Most advanced solid tumors remain incurable, with resistance to chemotherapeutics and targeted therapies a common cause of poor clinical outcome. Intratumor heterogeneity may contribute to this failure by initiating phenotypic diversity enabling drug resistance to emerge and by introducing tumor sampling bias. Envisaging tumor growth as a Darwinian tree with the trunk representing ubiquitous mutations and the branches representing heterogeneous mutations may help in drug discovery and the development of predictive biomarkers of drug response.

There has been much excitement over the past decade about technologies that measure RNA expression and DNA copy number in tumors, yet these technologies have often failed to deliver on their initial promise of yielding biomarkers that can predict the emergence of resistance to traditional drugs or new targeted therapeutics (1, 2). Here, we consider why reliable biomarkers that predict tumor responses to chemotherapy have not been validated successfully. We propose that intratumor genetic heterogeneity combined with the polygenic nature of drug resistance may impede both the implementation of predictive biomarkers and the development of new antitumor molecular therapeutics.

Despite the recent huge effort to sequence the complete genomes of a variety of tumors, only a few single-gene, transcriptomic, epigenetic, or structural genomic alterations in tumors have been discovered that could serve as clinically implementable biomarkers. For example, in breast cancer only a few prognostic gene signatures and three traditional single-gene predictive markers—the estrogen receptor (ER), progesterone receptor (PR), and human epidermal growth factor receptor 2 (HER2)—are in routine clinical use. There are numerous reasons for the failure of predictive biomarker validation across different cancers (3). Technical issues, such as small and often clinically heterogeneous patient cohorts, differences in disease stage in the discovery and validation cohorts, and variable methodologies associated with the validation of numerous proposed predictors (either single-gene or multigene), have resulted in universal observations of the limited predictive value of these markers. Even though statistically significant associations with treatment outcomes are observed repeatedly, the sensitivities and specificities for the accuracy of prediction remain below those required for clinical decision-making. This suggests that these biomarkers only capture partial information regarding the biological basis of drug sensitivity in tumor tissue. This may appear surprising considering that current genomic methods are able to encompass a near-complete inventory of all genes expressed in a tumor and can survey the whole genome for structural abnormalities.
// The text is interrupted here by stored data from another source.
lemma abs_trace_in_prime_field:
  assumes "CARD('a::{finite,field}) = CHAR('a) ^ k"
  shows "\<exists>j<CHAR('a). abs_trace (x::'a) = of_nat j"
  by (rule power_CHAR_fixed_imp_of_nat[OF finite_imp_CHAR_pos abs_trace_power_CHAR[OF assms]]) simp

text \<open>The trace is a polynomial of degree \<open>q/p\<close>, so it cannot vanish on all \<open>q\<close> elements.\<close>
lemma abs_trace_not_zero:
  assumes "CARD('a::{finite,field}) = CHAR('a) ^ k"
  shows "\<exists>x::'a. abs_trace x \<noteq> 0"
proof (rule ccontr)
  assume zero: "\<nexists>x::'a. abs_trace x \<noteq> 0"
  let ?p = "CHAR('a)"
  have p: "?p > 1"
    using prime_CHAR_finite_field prime_gt_1_nat by blast
  have "k > 0"
    using assms finite_field_card_ge_2[where 'a='a] by (cases k) auto
  define T :: "'a poly" where "T = (\<Sum>i<k. monom 1 (?p ^ i))"
  have "coeff T 1 = (\<Sum>i<k. if i = 0 then 1 else 0)"
    unfolding T_def coeff_sum coeff_monom using p by (intro sum.cong) auto
  also have "\<dots> = 1"
    using \<open>k > 0\<close> by simp
  finally have "T \<noteq> 0"
    by auto
  have "degree T \<le> ?p ^ (k - 1)"
    unfolding T_def
  proof (rule degree_sum_le)
    fix i assume "i \<in> {..<k}"
    then have "?p ^ i \<le> ?p ^ (k - 1)"
      using p by (intro power_increasing) auto
    then show "degree (monom (1::'a) (?p ^ i)) \<le> ?p ^ (k - 1)"
      using degree_monom_le order_trans by blast
  qed simp
  moreover have "{x. poly T x = 0} = UNIV"
    using zero by (auto simp: T_def abs_trace_def ff_degree_eq[OF assms] poly_sum poly_monom)
  ultimately have "CARD('a) \<le> ?p ^ (k - 1)"
    using card_poly_roots_bound[OF \<open>T \<noteq> 0\<close>] by simp
  moreover have "?p ^ (k - 1) < ?p ^ k"
    using p \<open>k > 0\<close> by (intro power_strict_increasing) auto
  ultimately show False
    using assms by simp
qed

lemma e_p_of_nat: "e_p (of_nat n :: 'a::{finite,field}) = cis (2 * pi * n / CHAR('a))"
proof -
  let ?p = "CHAR('a)"
  have "real n = real (n mod ?p) + real ?p * real (n div ?p)"
    by (metis mod_mult_div_eq of_nat_add of_nat_mult add.commute)
  then have "2 * pi * n / ?p = 2 * pi * real (n mod ?p) / ?p + 2 * pi * real (n div ?p)"
    by (simp add: field_simps finite_imp_CHAR_pos)
  then show ?thesis
    by (simp add: e_p_def prime_field_rep_of_nat flip: cis_mult)
qed

lemma e_p_of_nat_eq_1_iff: "e_p (of_nat n :: 'a::{finite,field}) = 1 \<longleftrightarrow> (of_nat n :: 'a) = 0"
  using complex_root_unity_eq_1[of "CHAR('a)" n] finite_imp_CHAR_pos[where 'a='a]
  by (simp add: e_p_of_nat cis_conv_exp of_nat_eq_0_iff_char_dvd mult_ac)

definition add_char :: "'a::{finite,field} \<Rightarrow> complex" where
  "add_char x = e_p (abs_trace x)"

lemma norm_add_char [simp]: "norm (add_char x) = 1"
  by (simp add: add_char_def e_p_def)

lemma add_char_add:
  assumes "CARD('a::{finite,field}) = CHAR('a) ^ k"
  shows "add_char (x + y :: 'a) = add_char x * add_char y"
proof -
  obtain i j where "abs_trace x = of_nat i" "abs_trace y = of_nat j"
    using abs_trace_in_prime_field[OF assms] by metis
  then have "add_char (x + y) = e_p (of_nat (i + j) :: 'a)"
    by (simp only: add_char_def abs_trace_add of_nat_add)
  also have "\<dots> = e_p (of_nat i :: 'a) * e_p (of_nat j :: 'a)"
    unfolding e_p_of_nat by (simp add: cis_mult add_divide_distrib distrib_left)
  finally show ?thesis
    by (simp add: add_char_def \<open>abs_trace x = _\<close> \<open>abs_trace y = _\<close>)
qed

lemma add_char_0: "add_char (0::'a::{finite,field}) = 1"
proof -
  have "abs_trace (0::'a) = of_nat 0"
    using prime_gt_0_nat[OF prime_CHAR_finite_field[where 'a='a]]
    by (simp add: abs_trace_def power_0_left)
  then show ?thesis
    by (simp only: add_char_def e_p_of_nat) simp
qed

lemma cnj_add_char:
  assumes "CARD('a::{finite,field}) = CHAR('a) ^ k"
  shows "cnj (add_char x) = add_char (- x :: 'a)"
proof -
  have "add_char x * add_char (- x) = 1"
    using add_char_add[OF assms, of x "- x"] add_char_0[where 'a='a] by simp
  moreover have "add_char x * cnj (add_char x) = 1"
    using complex_norm_square[of "add_char x"] by simp
  ultimately show ?thesis
    by (metis mult.left_commute mult.right_neutral)
qed

lemma add_char_nontrivial:
  assumes "CARD('a::{finite,field}) = CHAR('a) ^ k"
  shows "\<exists>x::'a. add_char x \<noteq> 1"
proof -
  obtain x :: 'a where "abs_trace x \<noteq> 0"
    using abs_trace_not_zero[OF assms] by blast
  moreover obtain j where "abs_trace x = of_nat j"
    using abs_trace_in_prime_field[OF assms] by blast
  ultimately have "add_char x \<noteq> 1"
    by (simp add: add_char_def e_p_of_nat_eq_1_iff)
  then show ?thesis ..
qed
Two important lessons have emerged from the comprehensive genomic analyses of cancers, which may provide an explanation for difficulties with predictive biomarker development. First, each tumor contains an individual assortment of multiple genomic aberrations, few of which are shared between patients with the same histopathological tumor subtype. Second, emerging evidence suggests that these anomalies appear to vary within the tumor, indicating substantial intratumor heterogeneity (4).

Tumors resistant to therapeutic agents usually bear a “convergent phenotype,” in which multiple different genetic and epigenetic aberrations may potentially cause resistance to a particular agent (5, 6). For example, resistance to anti-HER2 agents may be driven by multiple mechanisms, including p95 expression, phosphatase and tensin (PTEN) loss of function, PIK3CA mutations, and overexpression of mucin 1 (MUC1). None of these mechanisms alone are sufficiently strong predictors to warrant clinical use as biomarkers of drug resistance. Sensitivity to a given antitumor agent also has a convergent phenotype involving a range of mechanisms, including mutations in multiple genes leading to sensitivity to inhibitors of poly(ADP-ribose) polymerase (PARP) (7). Of course, more than one of these mechanisms of drug resistance or sensitivity may operate within the same tumor.

Increasingly, molecular evidence suggests that intratumor heterogeneity may contribute to tumor growth through a branched (polytypic) rather than a linear pattern of tumor evolution, as first demonstrated by Enver, Greaves, and colleagues (8). Such branched evolutionary growth was first demonstrated in hematological cancers (8) and more recently in renal cancer through multiregion exome sequencing (4) and in medulloblastoma (9). Branched evolutionary growth and intratumor heterogeneity results in coexisting cancer cell clones with variegated genotypes and associated phenotypes that may be regionally separated within the same tumor (4). Intratumor heterogeneity has been documented in other solid tumors, exemplified by regional separation of subclones harboring different patterns of HER2 amplification in breast cancer (10).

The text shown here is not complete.